» Task to complete:
Among the records below, find the lines with the word "gamma" and copy them.

(Stored data)
=====

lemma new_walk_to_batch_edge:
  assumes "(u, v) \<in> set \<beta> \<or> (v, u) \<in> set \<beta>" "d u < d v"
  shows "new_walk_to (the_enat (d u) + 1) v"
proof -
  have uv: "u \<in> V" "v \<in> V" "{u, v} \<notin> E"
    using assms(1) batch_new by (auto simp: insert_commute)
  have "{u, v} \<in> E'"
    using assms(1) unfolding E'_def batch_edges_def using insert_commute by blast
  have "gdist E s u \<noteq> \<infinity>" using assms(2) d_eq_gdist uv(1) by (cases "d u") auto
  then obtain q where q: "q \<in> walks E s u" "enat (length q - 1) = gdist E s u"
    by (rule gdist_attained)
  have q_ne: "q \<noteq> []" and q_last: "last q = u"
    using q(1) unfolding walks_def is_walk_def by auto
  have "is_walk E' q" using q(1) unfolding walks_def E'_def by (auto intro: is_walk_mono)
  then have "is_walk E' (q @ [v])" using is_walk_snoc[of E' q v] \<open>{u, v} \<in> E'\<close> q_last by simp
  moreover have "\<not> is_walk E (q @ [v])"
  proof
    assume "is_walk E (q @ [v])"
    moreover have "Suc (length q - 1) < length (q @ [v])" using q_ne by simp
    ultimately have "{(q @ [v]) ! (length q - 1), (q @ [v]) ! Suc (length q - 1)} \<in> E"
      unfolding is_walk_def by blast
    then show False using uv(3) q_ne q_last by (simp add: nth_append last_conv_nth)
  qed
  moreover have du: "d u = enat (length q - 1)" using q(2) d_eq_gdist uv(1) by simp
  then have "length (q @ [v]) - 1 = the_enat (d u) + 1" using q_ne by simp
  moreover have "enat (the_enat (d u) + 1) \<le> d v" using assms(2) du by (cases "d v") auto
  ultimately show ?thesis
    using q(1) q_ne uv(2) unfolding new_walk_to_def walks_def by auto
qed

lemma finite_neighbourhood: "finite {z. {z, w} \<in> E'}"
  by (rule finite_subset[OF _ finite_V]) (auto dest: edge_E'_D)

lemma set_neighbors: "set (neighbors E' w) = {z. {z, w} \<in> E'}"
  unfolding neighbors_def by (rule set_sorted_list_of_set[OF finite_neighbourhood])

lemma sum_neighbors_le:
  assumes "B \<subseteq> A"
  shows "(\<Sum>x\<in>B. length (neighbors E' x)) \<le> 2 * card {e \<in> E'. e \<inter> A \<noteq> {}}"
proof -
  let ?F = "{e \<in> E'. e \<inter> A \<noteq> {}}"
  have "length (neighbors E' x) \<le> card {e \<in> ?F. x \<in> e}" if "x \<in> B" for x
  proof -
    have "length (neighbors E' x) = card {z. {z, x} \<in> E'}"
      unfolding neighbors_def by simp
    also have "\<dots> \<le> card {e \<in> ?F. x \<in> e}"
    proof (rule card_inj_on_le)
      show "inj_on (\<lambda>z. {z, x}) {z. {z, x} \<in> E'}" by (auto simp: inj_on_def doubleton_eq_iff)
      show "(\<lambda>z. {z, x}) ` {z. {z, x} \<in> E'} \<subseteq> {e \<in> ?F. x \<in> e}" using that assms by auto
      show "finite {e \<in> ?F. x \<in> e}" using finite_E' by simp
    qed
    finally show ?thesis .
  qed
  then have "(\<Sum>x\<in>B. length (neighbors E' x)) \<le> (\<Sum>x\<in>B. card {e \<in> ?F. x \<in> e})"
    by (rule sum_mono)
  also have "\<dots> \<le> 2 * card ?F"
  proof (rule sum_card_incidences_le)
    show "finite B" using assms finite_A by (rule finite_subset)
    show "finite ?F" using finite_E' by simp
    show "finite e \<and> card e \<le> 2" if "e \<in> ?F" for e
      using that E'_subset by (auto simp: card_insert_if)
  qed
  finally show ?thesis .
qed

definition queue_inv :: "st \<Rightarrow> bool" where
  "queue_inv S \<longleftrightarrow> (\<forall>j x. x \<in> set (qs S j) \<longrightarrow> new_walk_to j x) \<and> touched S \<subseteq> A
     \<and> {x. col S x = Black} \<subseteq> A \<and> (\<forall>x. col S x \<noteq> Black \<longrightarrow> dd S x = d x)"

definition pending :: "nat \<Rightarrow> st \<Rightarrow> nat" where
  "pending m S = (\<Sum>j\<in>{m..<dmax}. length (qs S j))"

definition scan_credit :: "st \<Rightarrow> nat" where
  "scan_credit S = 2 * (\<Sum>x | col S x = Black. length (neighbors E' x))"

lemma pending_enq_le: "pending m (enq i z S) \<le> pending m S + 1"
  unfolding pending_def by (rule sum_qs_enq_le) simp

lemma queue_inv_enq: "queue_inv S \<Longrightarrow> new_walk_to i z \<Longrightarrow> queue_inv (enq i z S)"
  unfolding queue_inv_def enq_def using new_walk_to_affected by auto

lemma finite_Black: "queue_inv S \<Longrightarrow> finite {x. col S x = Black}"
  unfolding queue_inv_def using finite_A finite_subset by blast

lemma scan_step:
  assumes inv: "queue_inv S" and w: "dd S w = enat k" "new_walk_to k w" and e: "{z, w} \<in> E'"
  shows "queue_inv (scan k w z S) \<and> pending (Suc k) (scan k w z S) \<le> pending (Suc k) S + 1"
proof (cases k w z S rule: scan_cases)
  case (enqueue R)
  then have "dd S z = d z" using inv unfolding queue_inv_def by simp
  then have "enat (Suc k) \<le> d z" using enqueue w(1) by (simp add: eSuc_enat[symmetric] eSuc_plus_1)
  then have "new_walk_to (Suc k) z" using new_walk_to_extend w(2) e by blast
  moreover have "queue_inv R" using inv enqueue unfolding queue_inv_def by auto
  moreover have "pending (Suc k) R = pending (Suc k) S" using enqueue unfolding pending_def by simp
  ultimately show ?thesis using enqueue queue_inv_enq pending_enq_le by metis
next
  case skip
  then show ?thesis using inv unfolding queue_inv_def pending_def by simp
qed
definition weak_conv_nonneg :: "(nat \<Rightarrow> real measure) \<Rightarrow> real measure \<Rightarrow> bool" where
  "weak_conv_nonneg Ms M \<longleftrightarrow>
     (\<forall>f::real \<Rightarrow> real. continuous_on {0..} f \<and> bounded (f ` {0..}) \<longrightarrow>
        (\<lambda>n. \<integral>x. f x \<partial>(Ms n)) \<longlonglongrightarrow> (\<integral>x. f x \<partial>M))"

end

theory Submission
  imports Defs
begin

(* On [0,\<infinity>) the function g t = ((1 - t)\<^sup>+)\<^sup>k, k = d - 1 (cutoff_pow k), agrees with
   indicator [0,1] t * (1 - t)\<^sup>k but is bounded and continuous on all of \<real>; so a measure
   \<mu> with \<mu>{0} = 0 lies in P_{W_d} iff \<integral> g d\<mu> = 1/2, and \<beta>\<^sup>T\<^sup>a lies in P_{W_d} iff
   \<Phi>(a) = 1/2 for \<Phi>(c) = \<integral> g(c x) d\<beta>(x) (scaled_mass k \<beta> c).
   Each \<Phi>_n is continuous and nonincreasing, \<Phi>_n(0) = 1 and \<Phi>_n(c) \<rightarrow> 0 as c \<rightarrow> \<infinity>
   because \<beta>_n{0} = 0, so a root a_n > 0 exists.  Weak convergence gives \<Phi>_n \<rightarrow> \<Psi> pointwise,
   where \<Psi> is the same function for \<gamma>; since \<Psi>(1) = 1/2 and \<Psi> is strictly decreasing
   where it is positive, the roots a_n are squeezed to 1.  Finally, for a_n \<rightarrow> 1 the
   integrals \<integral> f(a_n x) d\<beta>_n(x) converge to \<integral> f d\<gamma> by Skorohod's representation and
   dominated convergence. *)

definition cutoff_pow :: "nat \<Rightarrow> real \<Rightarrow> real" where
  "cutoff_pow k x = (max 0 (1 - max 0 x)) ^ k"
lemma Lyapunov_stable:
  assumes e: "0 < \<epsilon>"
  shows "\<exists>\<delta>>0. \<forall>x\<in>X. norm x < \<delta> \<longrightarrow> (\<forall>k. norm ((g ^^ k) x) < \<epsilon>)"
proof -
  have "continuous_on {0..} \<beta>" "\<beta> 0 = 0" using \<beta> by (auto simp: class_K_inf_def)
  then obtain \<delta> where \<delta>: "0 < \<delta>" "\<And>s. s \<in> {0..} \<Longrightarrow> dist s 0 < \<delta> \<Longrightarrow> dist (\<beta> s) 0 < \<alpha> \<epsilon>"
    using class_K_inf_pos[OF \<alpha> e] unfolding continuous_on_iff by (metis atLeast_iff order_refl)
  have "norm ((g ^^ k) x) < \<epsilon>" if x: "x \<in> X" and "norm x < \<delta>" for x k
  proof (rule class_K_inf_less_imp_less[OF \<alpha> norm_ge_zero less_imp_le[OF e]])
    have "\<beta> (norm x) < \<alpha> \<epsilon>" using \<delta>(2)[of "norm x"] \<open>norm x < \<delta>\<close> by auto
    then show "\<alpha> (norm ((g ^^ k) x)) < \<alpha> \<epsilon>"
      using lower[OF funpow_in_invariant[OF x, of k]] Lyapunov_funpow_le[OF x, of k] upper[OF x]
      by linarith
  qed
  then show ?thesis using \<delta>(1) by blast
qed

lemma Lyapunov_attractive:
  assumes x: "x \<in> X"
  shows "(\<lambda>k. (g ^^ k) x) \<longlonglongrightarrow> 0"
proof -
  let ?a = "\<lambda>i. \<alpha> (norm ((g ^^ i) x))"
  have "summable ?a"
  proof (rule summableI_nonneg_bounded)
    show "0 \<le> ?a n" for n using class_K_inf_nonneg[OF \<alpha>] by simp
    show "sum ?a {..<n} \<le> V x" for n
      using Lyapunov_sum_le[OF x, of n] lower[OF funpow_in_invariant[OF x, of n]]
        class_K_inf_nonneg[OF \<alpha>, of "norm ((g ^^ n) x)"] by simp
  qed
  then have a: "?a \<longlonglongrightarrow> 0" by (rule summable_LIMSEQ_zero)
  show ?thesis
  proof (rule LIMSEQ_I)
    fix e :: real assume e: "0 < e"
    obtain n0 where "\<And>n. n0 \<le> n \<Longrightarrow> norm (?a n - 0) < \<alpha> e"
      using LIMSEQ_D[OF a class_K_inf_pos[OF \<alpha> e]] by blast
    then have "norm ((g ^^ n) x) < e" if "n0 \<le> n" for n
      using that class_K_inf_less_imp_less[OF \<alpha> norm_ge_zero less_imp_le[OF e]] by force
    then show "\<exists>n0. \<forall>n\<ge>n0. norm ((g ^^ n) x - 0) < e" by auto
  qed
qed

=====

» Answer:
   where \<Psi> is the same function for \<gamma>; since \<Psi>(1) = 1/2 and \<Psi> is strictly decreasing
   integrals \<integral> f(a_n x) d\<beta>_n(x) converge to \<integral> f d\<gamma> by Skorohod's representation and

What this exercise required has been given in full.